--- What is being asked ---
Starting at the first line of the data below, retype every line up to and including the one containing "(\<rho> * N)\<^sup>2".

--- Extracted material ---
━━━━━━

lemma boundary_beam:
  assumes N: "0 < N" and u: "(vnorm M u)\<^sup>2 = N" and v: "(vnorm M v)\<^sup>2 = N"
    and \<rho>: "(cmod (herm M u v) / N)\<^sup>2 < 1" and G: "0 \<le> G" "G \<le> N * P"
  obtains w where "(cmod (herm M v w))\<^sup>2 = G" and "(vnorm M w)\<^sup>2 = P"
    and "cmod (herm M u w) = cmod (herm M u v) / N * sqrt G
           + sqrt (1 - (cmod (herm M u v) / N)\<^sup>2) * sqrt (N * P - G)"
proof -
  define \<rho> q c where "\<rho> = cmod (herm M u v) / N" and "q = sqrt (1 - \<rho>\<^sup>2)"
    and "c = herm M v u"
  have q: "0 < q" "q\<^sup>2 = 1 - \<rho>\<^sup>2"
    using \<rho> by (simp_all add: q_def \<rho>_def)
  have c: "cmod c = \<rho> * N"
    using N by (simp add: c_def \<rho>_def herm_commute[of M v u])
  \<comment> \<open>\<open>e\<close> aligns the phase of \<open>v\<^sup>H w\<close> with that of \<open>v\<^sup>H u\<close>, so that both parts of
    \<open>u\<^sup>H w\<close> add up coherently\<close>
  define e where "e = (if c = 0 then 1 else c / of_real (cmod c))"
  have e: "cmod e = 1" "cnj c * e = of_real (cmod c)"
    unfolding e_def using complex_norm_square[of c]
    by (auto simp: norm_divide power2_eq_square field_simps)
  define f where "f = orth_compl M v u"
  have v0: "vnorm M v \<noteq> 0"
    using v N by auto
  have vf: "herm M v f = 0"
    unfolding f_def by (rule herm_orth_compl_eq_0[OF v0])
  have "(vnorm M f)\<^sup>2 = N - (\<rho> * N)\<^sup>2 / N"
    using vnorm_orth_compl[OF v0, of u] by (simp add: f_def u v c[unfolded c_def])
  also have "\<dots> = N * q\<^sup>2"
    unfolding q(2) using N by (simp add: power2_eq_square field_simps)
  finally have f: "(vnorm M f)\<^sup>2 = N * q\<^sup>2" .
  have uf: "herm M u f = of_real (N * q\<^sup>2)"
    using herm_orth_compl_left[of M v u f] vf by (simp add: herm_self f f_def[symmetric])
  define a k where "a = e * of_real (sqrt G) / of_real N" and "k = sqrt (N * P - G) / (N * q)"
  define w where "w = (\<lambda>i. a * v i + of_real k * f i)"
  show ?thesis
  proof (rule that)
    have "herm M v w = a * of_real N"
      unfolding w_def herm_add_right herm_scale_right vf herm_self v by simp
    then show "(cmod (herm M v w))\<^sup>2 = G"
      using N e(1) G by (simp add: a_def norm_mult norm_divide)
    have "herm M (\<lambda>i. a * v i) (\<lambda>i. of_real k * f i) = 0"
      by (simp add: herm_scale_left herm_scale_right vf)
    then have "(vnorm M w)\<^sup>2 = (cmod a)\<^sup>2 * N + k\<^sup>2 * (N * q\<^sup>2)"
      unfolding w_def by (simp add: vnorm_add_orthogonal vnorm_scale v f)
    also have "\<dots> = G / N + (N * P - G) / N"
      using N G e(1) q(1) by (simp add: a_def k_def norm_mult norm_divide power_divide
          power_mult_distrib) (simp add: field_simps power2_eq_square)
    finally show "(vnorm M w)\<^sup>2 = P"
      using N by (simp add: field_simps)
    have "herm M u w = a * cnj c + of_real (k * (N * q\<^sup>2))"
      unfolding w_def herm_add_right herm_scale_right uf by (simp add: c_def herm_commute[of M u v])
    also have "a * cnj c = of_real (\<rho> * sqrt G)"
      using N e(2) c by (simp add: a_def field_simps)
    also have "k * (N * q\<^sup>2) = q * sqrt (N * P - G)"
      using N q(1) by (simp add: k_def power2_eq_square)
    finally have "herm M u w = of_real (\<rho> * sqrt G + q * sqrt (N * P - G))"
      by simp
    moreover have "0 \<le> \<rho> * sqrt G + q * sqrt (N * P - G)"
      using N q(1) G by (simp add: \<rho>_def)
    ultimately have "cmod (herm M u w) = \<rho> * sqrt G + q * sqrt (N * P - G)"
      by (metis norm_of_real abs_of_nonneg)
    then show "cmod (herm M u w) = cmod (herm M u v) / N * sqrt G
           + sqrt (1 - (cmod (herm M u v) / N)\<^sup>2) * sqrt (N * P - G)"
      by (simp add: \<rho>_def q_def)
  qed
qed

lemma max_gain_attained:
  assumes N: "0 < N" and u: "(vnorm M u)\<^sup>2 = N" and v: "(vnorm M v)\<^sup>2 = N"
    and P: "0 \<le> P" and G: "G \<le> N * P"
  obtains w where "G \<le> (cmod (herm M v w))\<^sup>2" and "(vnorm M w)\<^sup>2 \<le> P"
    and "(cmod (herm M u w))\<^sup>2 = max_gain N P G (cmod (herm M u v) / N)"
proof (cases "G \<le> N * P * (cmod (herm M u v) / N)\<^sup>2")
  case True
  then show ?thesis
    using matched_beam(1,2)[OF N u P] matched_beam(3)[OF N u P, where v = v]
    by (intro that) (simp_all add: max_gain_def)
next
  case False
  have "(cmod (herm M u v) / N)\<^sup>2 < 1"
  proof (rule ccontr)
    assume "\<not> (cmod (herm M u v) / N)\<^sup>2 < 1"
    then have "N * P * 1 \<le> N * P * (cmod (herm M u v) / N)\<^sup>2"
      using N P by (intro mult_left_mono) auto
    then show False
      using False G by simp
  qed
  moreover have "0 \<le> N * P * (cmod (herm M u v) / N)\<^sup>2"
    using N P by simp
  with False have "0 \<le> G"
    by linarith
  ultimately obtain w where "(cmod (herm M v w))\<^sup>2 = G" "(vnorm M w)\<^sup>2 = P"
    "cmod (herm M u w) = cmod (herm M u v) / N * sqrt G
       + sqrt (1 - (cmod (herm M u v) / N)\<^sup>2) * sqrt (N * P - G)"
    using boundary_beam[OF N u v _ _ G] by blast
  then show ?thesis
    using False by (intro that[of w]) (simp_all add: max_gain_def)
qed

lemma Sup_gain_eq_max_gain:
  assumes N: "0 < N" and u: "(vnorm M u)\<^sup>2 = N" and v: "(vnorm M v)\<^sup>2 = N"
    and P: "0 \<le> P" and G: "G \<le> N * P" and K: "0 \<le> K"
  shows "Sup {K * (cmod (herm M u w))\<^sup>2 | w. G \<le> (cmod (herm M v w))\<^sup>2 \<and> (vnorm M w)\<^sup>2 \<le> P}
         = K * max_gain N P G (cmod (herm M u v) / N)"
proof (rule cSup_eq_maximum)
  obtain w where "G \<le> (cmod (herm M v w))\<^sup>2" "(vnorm M w)\<^sup>2 \<le> P"
    "(cmod (herm M u w))\<^sup>2 = max_gain N P G (cmod (herm M u v) / N)"
    using max_gain_attained[OF N u v P G] .
  then show "K * max_gain N P G (cmod (herm M u v) / N)
      \<in> {K * (cmod (herm M u w))\<^sup>2 | w. G \<le> (cmod (herm M v w))\<^sup>2 \<and> (vnorm M w)\<^sup>2 \<le> P}"
    by (metis (mono_tags, lifting) mem_Collect_eq)
next
  fix y
  assume "y \<in> {K * (cmod (herm M u w))\<^sup>2 | w. G \<le> (cmod (herm M v w))\<^sup>2 \<and> (vnorm M w)\<^sup>2 \<le> P}"
  then show "y \<le> K * max_gain N P G (cmod (herm M u v) / N)"
    using norm_herm_sq_le_max_gain[OF N u v] K by (auto intro: mult_left_mono)
qed

lemma max_gain_rescale:
  assumes d: "0 < d"
  shows "max_gain N P (\<Gamma> * d) \<rho> =
    (if \<Gamma> \<le> N * P * \<rho>\<^sup>2 / d then N * P
     else d * (\<rho> * sqrt \<Gamma> + sqrt (1 - \<rho>\<^sup>2) * sqrt (N * P / d - \<Gamma>))\<^sup>2)"
proof -
  have "N * P - \<Gamma> * d = d * (N * P / d - \<Gamma>)"
    using d by (simp add: field_simps)
  then have "sqrt (N * P - \<Gamma> * d) = sqrt d * sqrt (N * P / d - \<Gamma>)"
    by (simp only: real_sqrt_mult)
  then have "(\<rho> * sqrt (\<Gamma> * d) + sqrt (1 - \<rho>\<^sup>2) * sqrt (N * P - \<Gamma> * d))\<^sup>2
      = (sqrt d * (\<rho> * sqrt \<Gamma> + sqrt (1 - \<rho>\<^sup>2) * sqrt (N * P / d - \<Gamma>)))\<^sup>2"
    by (simp add: real_sqrt_mult algebra_simps)
  also have "\<dots> = d * (\<rho> * sqrt \<Gamma> + sqrt (1 - \<rho>\<^sup>2) * sqrt (N * P / d - \<Gamma>))\<^sup>2"
    using d by (simp add: power_mult_distrib)
  finally show ?thesis
    using d by (simp add: max_gain_def pos_le_divide_eq)
qed

lemma vnorm_arr_vec: "(vnorm M (arr_vec H x p))\<^sup>2 = real M"
  by (simp add: vnorm_sq arr_vec_def arr_resp_def)

lemma norm_herm_phase_scaled:
  "cmod (herm M (\<lambda>i. of_real a * exp (\<i> * of_real \<phi>) * u i) w) = \<bar>a\<bar> * cmod (herm M u w)"
  by (simp add: herm_scale_left norm_mult)

theorem proposition1:
  fixes M :: nat and H D x \<beta>\<^sub>0 \<sigma>2 Pmax \<Gamma> \<phi> :: real
  assumes M: "M \<ge> 1" and H: "H > 0" and D: "D > 0" and b0: "\<beta>\<^sub>0 > 0"
    and sig: "\<sigma>2 > 0" and P: "Pmax > 0" and G: "\<Gamma> > 0"
    and feas: "real M * Pmax / ((D - x)\<^sup>2 + H\<^sup>2) \<ge> \<Gamma>"
  shows
    "let au = arr_vec H x 0; av = arr_vec H x D;
         hc = (\<lambda>i. of_real (sqrt (\<beta>\<^sub>0 / (x\<^sup>2 + H\<^sup>2))) * exp (\<i> * of_real \<phi>) * au i);
         \<gamma>0 = \<beta>\<^sub>0 / \<sigma>2;
         \<rho> = cmod (herm M au av) / (vnorm M au * vnorm M av);
         dv = (D - x)\<^sup>2 + H\<^sup>2;
         g = \<gamma>0 * dv * (\<rho> * sqrt \<Gamma> + sqrt (1 - \<rho>\<^sup>2) * sqrt (real M * Pmax / dv - \<Gamma>))\<^sup>2
               / (x\<^sup>2 + H\<^sup>2);
         \<gamma>opt = (if real M * Pmax * \<rho>\<^sup>2 / dv \<ge> \<Gamma>
                   then \<gamma>0 * Pmax * real M / (x\<^sup>2 + H\<^sup>2) else g)
     in Sup {(cmod (herm M hc w))\<^sup>2 / \<sigma>2 | w.
               (cmod (herm M av w))\<^sup>2 / dv \<ge> \<Gamma> \<and> (vnorm M w)\<^sup>2 \<le> Pmax} = \<gamma>opt"
proof -
  define au av d0 dv K where "au = arr_vec H x 0" and "av = arr_vec H x D"
    and "d0 = x\<^sup>2 + H\<^sup>2" and "dv = (D - x)\<^sup>2 + H\<^sup>2" and "K = \<beta>\<^sub>0 / \<sigma>2 / d0"
  define hc where "hc = (\<lambda>i. of_real (sqrt (\<beta>\<^sub>0 / d0)) * exp (\<i> * of_real \<phi>) * au i)"
  have pos: "0 < real M" "0 < d0" "0 < dv" "0 \<le> K"
    using M H b0 sig by (simp_all add: d0_def dv_def K_def add_nonneg_pos)
  have norms: "(vnorm M au)\<^sup>2 = real M" "(vnorm M av)\<^sup>2 = real M"
    by (simp_all add: au_def av_def vnorm_arr_vec)
  have gain: "(cmod (herm M hc w))\<^sup>2 / \<sigma>2 = K * (cmod (herm M au w))\<^sup>2" for w
    unfolding hc_def norm_herm_phase_scaled using b0 pos by (simp add: power_mult_distrib K_def)
  have rho: "vnorm M au * vnorm M av = real M"
    using vnorm_eq_sqrt[OF norms(1)] vnorm_eq_sqrt[OF norms(2)] by simp
  have "Sup {(cmod (herm M hc w))\<^sup>2 / \<sigma>2 | w. \<Gamma> \<le> (cmod (herm M av w))\<^sup>2 / dv \<and> (vnorm M w)\<^sup>2 \<le> Pmax}
      = Sup {K * (cmod (herm M au w))\<^sup>2 | w. \<Gamma> * dv \<le> (cmod (herm M av w))\<^sup>2 \<and> (vnorm M w)\<^sup>2 \<le> Pmax}"
    by (simp only: gain pos_le_divide_eq[OF pos(3)])
  also have "\<dots> = K * max_gain (real M) Pmax (\<Gamma> * dv) (cmod (herm M au av) / real M)"
    using feas pos P by (intro Sup_gain_eq_max_gain norms) (simp_all add: dv_def pos_le_divide_eq)
  finally show ?thesis
    unfolding Let_def au_def[symmetric] av_def[symmetric] d0_def[symmetric] dv_def[symmetric]
      hc_def[symmetric] rho
    by (simp add: max_gain_rescale pos K_def)
qed

end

━━━━━━

--- Task output ---
lemma boundary_beam:
  assumes N: "0 < N" and u: "(vnorm M u)\<^sup>2 = N" and v: "(vnorm M v)\<^sup>2 = N"
    and \<rho>: "(cmod (herm M u v) / N)\<^sup>2 < 1" and G: "0 \<le> G" "G \<le> N * P"
  obtains w where "(cmod (herm M v w))\<^sup>2 = G" and "(vnorm M w)\<^sup>2 = P"
    and "cmod (herm M u w) = cmod (herm M u v) / N * sqrt G
           + sqrt (1 - (cmod (herm M u v) / N)\<^sup>2) * sqrt (N * P - G)"
proof -
  define \<rho> q c where "\<rho> = cmod (herm M u v) / N" and "q = sqrt (1 - \<rho>\<^sup>2)"
    and "c = herm M v u"
  have q: "0 < q" "q\<^sup>2 = 1 - \<rho>\<^sup>2"
    using \<rho> by (simp_all add: q_def \<rho>_def)
  have c: "cmod c = \<rho> * N"
    using N by (simp add: c_def \<rho>_def herm_commute[of M v u])
  \<comment> \<open>\<open>e\<close> aligns the phase of \<open>v\<^sup>H w\<close> with that of \<open>v\<^sup>H u\<close>, so that both parts of
    \<open>u\<^sup>H w\<close> add up coherently\<close>
  define e where "e = (if c = 0 then 1 else c / of_real (cmod c))"
  have e: "cmod e = 1" "cnj c * e = of_real (cmod c)"
    unfolding e_def using complex_norm_square[of c]
    by (auto simp: norm_divide power2_eq_square field_simps)
  define f where "f = orth_compl M v u"
  have v0: "vnorm M v \<noteq> 0"
    using v N by auto
  have vf: "herm M v f = 0"
    unfolding f_def by (rule herm_orth_compl_eq_0[OF v0])
  have "(vnorm M f)\<^sup>2 = N - (\<rho> * N)\<^sup>2 / N"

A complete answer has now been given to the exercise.